**Your objective**
Report how many lines of the data contain the string "mass". Add nothing.

**Information given**
(* Fix a replacement rule $\{p_{(R,\alpha)}(\mathbf{x})\}_{(R,\alpha)}$ satisfying the Fixation Axiom and a mutational bias $\nu\in(0,1)$. Then the following four conditions are equivalent: (a) $\rho_A>\rho_a$; (b) $\displaystyle\lim_{u\to 0}\mathbb{E}_{\mathrm{MSS}}[x]>\frac{\nu\, b(\mathbf{a})}{\nu\, b(\mathbf{a})+(1-\nu)\, b(\mathbf{A})}$; (c) $\mathbb{E}_{\mathrm{RMC}}[\Delta_{\mathrm{sel}}]>0$; (d) $\frac{d}{du}\mathbb{E}_{\mathrm{MSS}}[\Delta_{\mathrm{sel}}]\big|_{u=0}>0$.
   Context: Setting. $G$ is a finite nonempty set of genetic sites, $n=|G|$. A state is $\mathbf{x}=(x_g)_{g\in G}\in\{0,1\}^G$ ($x_g=1$: site $g$ carries allele $A$; $x_g=0$: allele $a$). For $S\subseteq G$, $\mathbf{1}_S$ is the state with $x_g=1$ iff $g\in S$; $\mathbf{a}=\mathbf{1}_\emptyset$, $\mathbf{A}=\mathbf{1}_G$. A replacement event is a pair $(R,\alpha)$ with $R\subseteq G$ and $\alpha:R\to G$. A replacement rule assigns to each state $\mathbf{x}$ a probability distribution $\{p_{(R,\alpha)}(\mathbf{x})\}_{(R,\alpha)}$ over all replacement events. Given a mutation probability $u\in[0,1]$ and mutational bias $\nu\in(0,1)$, the evolutionary Markov chain on $\{0,1\}^G$ moves from $\mathbf{x}$ to $\mathbf{x}'$ as follows: an event $(R,\alpha)$ is drawn with probability $p_{(R,\alpha)}(\mathbf{x})$; then, independently for each $g\in R$, $x'_g=x_{\alpha(g)}$ with probability $1-u$, $x'_g=1$ with probability $u\nu$, $x'_g=0$ with probability $u(1-\nu)$; for $g\notin R$, $x'_g=x_g$. $P^{(t)}_{\mathbf{x}\to\mathbf{y}}$ denotes the $t$-step transition probability. Fixation Axiom: there exist $g\in G$, $m\ge 1$ and events $(R_1,\alpha_1),\dots,(R_m,\alpha_m)$ with $p_{(R_k,\alpha_k)}(\mathbf{x})>0$ for all $k$ and all states $\mathbf{x}$, $g\in R_k$ for some $k$, and $\tilde\alpha_1\circ\cdots\circ\tilde\alpha_m(h)=g$ for all $h\in G$, where $\tilde\alpha_k:G\to G$ equals $\alpha_k$ on $R_k$ and the identity off $R_k$. Quantities. $e_{gh}(\mathbf{x})=\sum_{(R,\alpha):\,h\in R,\ \alpha(h)=g}p_{(R,\alpha)}(\mathbf{x})$; $b_g(\mathbf{x})=\sum_{h}e_{gh}(\mathbf{x})$; $d_g(\mathbf{x})=\sum_h e_{hg}(\mathbf{x})$; $b(\mathbf{x})=\sum_g b_g(\mathbf{x})$; $x=\frac1n\sum_g x_g$; $\Delta_{\mathrm{sel}}(\mathbf{x})=\sum_{g}x_g\big(b_g(\mathbf{x})-d_g(\mathbf{x})\big)$. Fixation probabilities (computed for $u=0$, where $\mathbf{a},\mathbf{A}$ are absorbing and absorption occurs a.s.): $\mu_A(\mathbf{1}_{\{g\}})=d_g(\mathbf{a})/b(\mathbf{a})$ and $\mu_A=0$ on other states; $\mu_a(\mathbf{1}_{G\setminus\{g\}})=d_g(\mathbf{A})/b(\mathbf{A})$ and $\mu_a=0$ elsewhere; $\rho_A=\sum_{\mathbf{x}}\mu_A(\mathbf{x})\lim_{t\to\infty}P^{(t)}_{\mathbf{x}\to\mathbf{A}}$, $\rho_a=\sum_{\mathbf{x}}\mu_a(\mathbf{x})\lim_{t\to\infty}P^{(t)}_{\mathbf{x}\to\mathbf{a}}$. Distributions. For $u>0$ the chain has a unique stationary distribution $\pi_{\mathrm{MSS}}$; $\mathbb{E}_{\mathrm{MSS}}$ is expectation under it. Each $\pi_{\mathrm{MSS}}(\mathbf{x})$ extends smoothly to $u\in[0,1]$ (value at $0$ given by $\lim_{u\to0}$), and $\frac{d}{du}(\cdot)|_{u=0}$ denotes the one-sided derivative of this extension at $u=0$. The rare-mutation conditional distribution on $\{0,1\}^G\setminus\{\mathbf{a},\mathbf{A}\}$ is $\pi_{\mathrm{RMC}}(\mathbf{x})=\lim_{u\to0}\pi_{\mathrm{MSS}}(\mathbf{x})/\big(1-\pi_{\mathrm{MSS}}(\mathbf{a})-\pi_{\mathrm{MSS}}(\mathbf{A})\big)$ (the limit exists); $\mathbb{E}_{\mathrm{RMC}}$ is expectation under it. *)

theory Defs
  imports "HOL-Analysis.Analysis"
begin

text \<open>A state is the set of sites carrying
allele A, so x_g = 1 iff g is in the state.  A replacement event (R, alpha) with
alpha : R -> G is represented canonically by the pair (R, alpha~), where alpha~ is the
identity outside R.\<close>

type_synonym 'g event = "'g set \<times> ('g \<Rightarrow> 'g)"
type_synonym 'g rule = "'g set \<Rightarrow> 'g event \<Rightarrow> real"

definition events :: "'g event set" where
  "events = {(R, \<alpha>). \<forall>g. g \<notin> R \<longrightarrow> \<alpha> g = g}"

definition replacement_rule :: "('g::finite) rule \<Rightarrow> bool" where
  "replacement_rule p \<longleftrightarrow>
     (\<forall>x. \<forall>e\<in>events. p x e \<ge> 0) \<and> (\<forall>x. (\<Sum>e\<in>events. p x e) = 1)"

definition fixation_axiom :: "('g::finite) rule \<Rightarrow> bool" where
  "fixation_axiom p \<longleftrightarrow>
     (\<exists>g es. es \<noteq> [] \<and> (\<forall>e\<in>set es. e \<in> events \<and> (\<forall>x. p x e > 0))
        \<and> (\<exists>e\<in>set es. g \<in> fst e)
        \<and> (\<forall>h. foldr (\<lambda>e f. snd e \<circ> f) es id h = g))"

definition ee :: "('g::finite) rule \<Rightarrow> 'g \<Rightarrow> 'g \<Rightarrow> 'g set \<Rightarrow> real" where
  "ee p g h x = (\<Sum>e\<in>{(R, \<alpha>) \<in> events. h \<in> R \<and> \<alpha> h = g}. p x e)"

definition bb :: "('g::finite) rule \<Rightarrow> 'g \<Rightarrow> 'g set \<Rightarrow> real" where
  "bb p g x = (\<Sum>h\<in>UNIV. ee p g h x)"

definition dd :: "('g::finite) rule \<Rightarrow> 'g \<Rightarrow> 'g set \<Rightarrow> real" where
  "dd p g x = (\<Sum>h\<in>UNIV. ee p h g x)"

definition btot :: "('g::finite) rule \<Rightarrow> 'g set \<Rightarrow> real" where
  "btot p x = (\<Sum>g\<in>UNIV. bb p g x)"

definition xbar :: "('g::finite) set \<Rightarrow> real" where
  "xbar x = real (card x) / real CARD('g)"

definition Delta_sel :: "('g::finite) rule \<Rightarrow> 'g set \<Rightarrow> real" where
  "Delta_sel p x = (\<Sum>g\<in>x. bb p g x - dd p g x)"

definition trans :: "('g::finite) rule \<Rightarrow> real \<Rightarrow> real \<Rightarrow> 'g set \<Rightarrow> 'g set \<Rightarrow> real" where
  "trans p u \<nu> x y =
     (\<Sum>(R, \<alpha>)\<in>events. p x (R, \<alpha>) *
        (\<Prod>g\<in>UNIV. if g \<in> R
           then (1 - u) * (if (g \<in> y) = (\<alpha> g \<in> x) then 1 else 0)
                + u * (if g \<in> y then \<nu> else 1 - \<nu>)
           else (if (g \<in> y) = (g \<in> x) then 1 else 0)))"

fun transn :: "('g::finite) rule \<Rightarrow> real \<Rightarrow> real \<Rightarrow> nat \<Rightarrow> 'g set \<Rightarrow> 'g set \<Rightarrow> real" where
  "transn p u \<nu> 0 x y = (if x = y then 1 else 0)"
| "transn p u \<nu> (Suc t) x y = (\<Sum>z\<in>UNIV. transn p u \<nu> t x z * trans p u \<nu> z y)"

text \<open>Fixation probabilities (at u = 0; nu is irrelevant there).\<close>
definition rho_A :: "('g::finite) rule \<Rightarrow> real \<Rightarrow> real" where
  "rho_A p \<nu> = (\<Sum>g\<in>UNIV. dd p g {} / btot p {} *
                 lim (\<lambda>t. transn p 0 \<nu> t {g} UNIV))"

definition rho_a :: "('g::finite) rule \<Rightarrow> real \<Rightarrow> real" where
  "rho_a p \<nu> = (\<Sum>g\<in>UNIV. dd p g UNIV / btot p UNIV *
                 lim (\<lambda>t. transn p 0 \<nu> t (UNIV - {g}) {}))"

definition stationary :: "('g::finite) rule \<Rightarrow> real \<Rightarrow> real \<Rightarrow> ('g set \<Rightarrow> real) \<Rightarrow> bool" where
  "stationary p u \<nu> \<pi> \<longleftrightarrow> (\<forall>x. \<pi> x \<ge> 0) \<and> (\<Sum>x\<in>UNIV. \<pi> x) = 1
      \<and> (\<forall>y. (\<Sum>x\<in>UNIV. \<pi> x * trans p u \<nu> x y) = \<pi> y)"

text \<open>The (unique, for u > 0) mutation-selection stationary distribution.\<close>
definition pi_MSS :: "('g::finite) rule \<Rightarrow> real \<Rightarrow> real \<Rightarrow> 'g set \<Rightarrow> real" where
  "pi_MSS p u \<nu> = (THE \<pi>. stationary p u \<nu> \<pi>)"

definition E_MSS :: "('g::finite) rule \<Rightarrow> real \<Rightarrow> real \<Rightarrow> ('g set \<Rightarrow> real) \<Rightarrow> real" where
  "E_MSS p u \<nu> f = (\<Sum>x\<in>UNIV. pi_MSS p u \<nu> x * f x)"

definition pi_MSS_ext :: "('g::finite) rule \<Rightarrow> real \<Rightarrow> real \<Rightarrow> 'g set \<Rightarrow> real" where
  "pi_MSS_ext p u \<nu> x =
     (if u = 0 then Lim (at_right 0) (\<lambda>v. pi_MSS p v \<nu> x) else pi_MSS p u \<nu> x)"

definition E_MSS_ext :: "('g::finite) rule \<Rightarrow> real \<Rightarrow> real \<Rightarrow> ('g set \<Rightarrow> real) \<Rightarrow> real" where
  "E_MSS_ext p u \<nu> f = (\<Sum>x\<in>UNIV. pi_MSS_ext p u \<nu> x * f x)"

definition right_deriv0 :: "(real \<Rightarrow> real) \<Rightarrow> real" where
  "right_deriv0 F = (THE D. (F has_real_derivative D) (at_right 0))"

definition pi_RMC :: "('g::finite) rule \<Rightarrow> real \<Rightarrow> 'g set \<Rightarrow> real" where
  "pi_RMC p \<nu> x = Lim (at_right 0)
     (\<lambda>u. pi_MSS p u \<nu> x / (1 - pi_MSS p u \<nu> {} - pi_MSS p u \<nu> UNIV))"

definition E_RMC :: "('g::finite) rule \<Rightarrow> real \<Rightarrow> ('g set \<Rightarrow> real) \<Rightarrow> real" where
  "E_RMC p \<nu> f = (\<Sum>x\<in>UNIV - {{}, UNIV}. pi_RMC p \<nu> x * f x)"

end

theory Submission
  imports Defs
begin

text \<open>Without mutation (\<open>u = 0\<close>) the monomorphic states \<open>a\<close> and \<open>A\<close> are absorbing, and the
  Fixation Axiom makes absorption certain; the probability \<open>h x\<close> of absorption in \<open>A\<close> is
  harmonic for the mutation-free kernel \<open>T\<^sub>0\<close>, and \<open>rho_A\<close>, \<open>rho_a\<close> are averages of \<open>h\<close> and
  \<open>1 - h\<close> over the states next to \<open>a\<close> and \<open>A\<close>.  For \<open>u > 0\<close> the chain satisfies Doeblin's
  condition, so \<open>pi_MSS\<close> exists, and it puts mass \<open>O(u)\<close> on polymorphic states.  Stationarity
  gives, for every \<open>h\<close>,
  \<open>\<Sum>x. pi_MSS x * (T\<^sub>u h - T\<^sub>0 h) x = \<Sum>x. pi_MSS x * (h - T\<^sub>0 h) x\<close>.
  For \<open>h\<close> the absorption probability the right-hand side vanishes; dividing the left-hand side
  by \<open>u\<close> and letting \<open>u \<rightarrow> 0\<close> gives the balance
  \<open>pi(a) * \<nu> b(a) rho_A = pi(A) * (1 - \<nu>) b(A) rho_a\<close>, which determines the limits of
  \<open>pi_MSS(a)\<close> and \<open>pi_MSS(A)\<close> and hence (b).  For \<open>h x = |x|\<close> the right-hand side is
  \<open>-E_MSS[\<Delta>\<^sub>s\<^sub>e\<^sub>l]\<close>, so \<open>E_MSS[\<Delta>\<^sub>s\<^sub>e\<^sub>l] / u\<close> tends to
  \<open>pi(A) * (1 - \<nu>) b(A) - pi(a) * \<nu> b(a)\<close>: this is the derivative in (d), and, divided by the
  limit of the polymorphic mass over \<open>u\<close>, the expectation in (c).  All three criteria thus have
  the sign of \<open>rho_A - rho_a\<close>.\<close>

lemma sum_mult_delta [simp]:
  fixes f :: "'a::finite \<Rightarrow> 'b::semiring_1"
  shows "(\<Sum>z\<in>UNIV. f z * (if z = y then 1 else 0)) = f y"
    and "(\<Sum>z\<in>UNIV. f z * (if y = z then 1 else 0)) = f y"
    and "(\<Sum>z\<in>UNIV. (if z = y then 1 else 0) * f z) = f y"
    and "(\<Sum>z\<in>UNIV. (if y = z then 1 else 0) * f z) = f y"
  by (simp_all add: if_distrib[where f="\<lambda>c. f _ * c"] if_distrib[where f="\<lambda>c. c * f _"] cong: if_cong)

lemma prod_if_one_zero:
  assumes "finite S"
  shows "(\<Prod>j\<in>S. if P j then 1 else 0) = (if \<forall>j\<in>S. P j then 1 else (0::'a::comm_semiring_1))"
  using assms by (auto intro!: prod_zero)

lemma sum_subsets_prod_if:
  fixes P N :: "'a::finite \<Rightarrow> 'b::comm_semiring_1"
  shows "(\<Sum>y\<in>UNIV. \<Prod>g\<in>UNIV. if g \<in> y then P g else N g) = (\<Prod>g\<in>UNIV. P g + N g)"
proof -
  have "(\<Prod>g\<in>UNIV. if g \<in> y then P g else N g) = (\<Prod>g\<in>y. P g) * (\<Prod>g\<in>UNIV - y. N g)" for y
    by (simp add: prod.If_cases Int_def Collect_neg_eq Compl_eq_Diff_UNIV)
  then show ?thesis by (simp add: prod_add)
qed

**Solution for this exercise**
2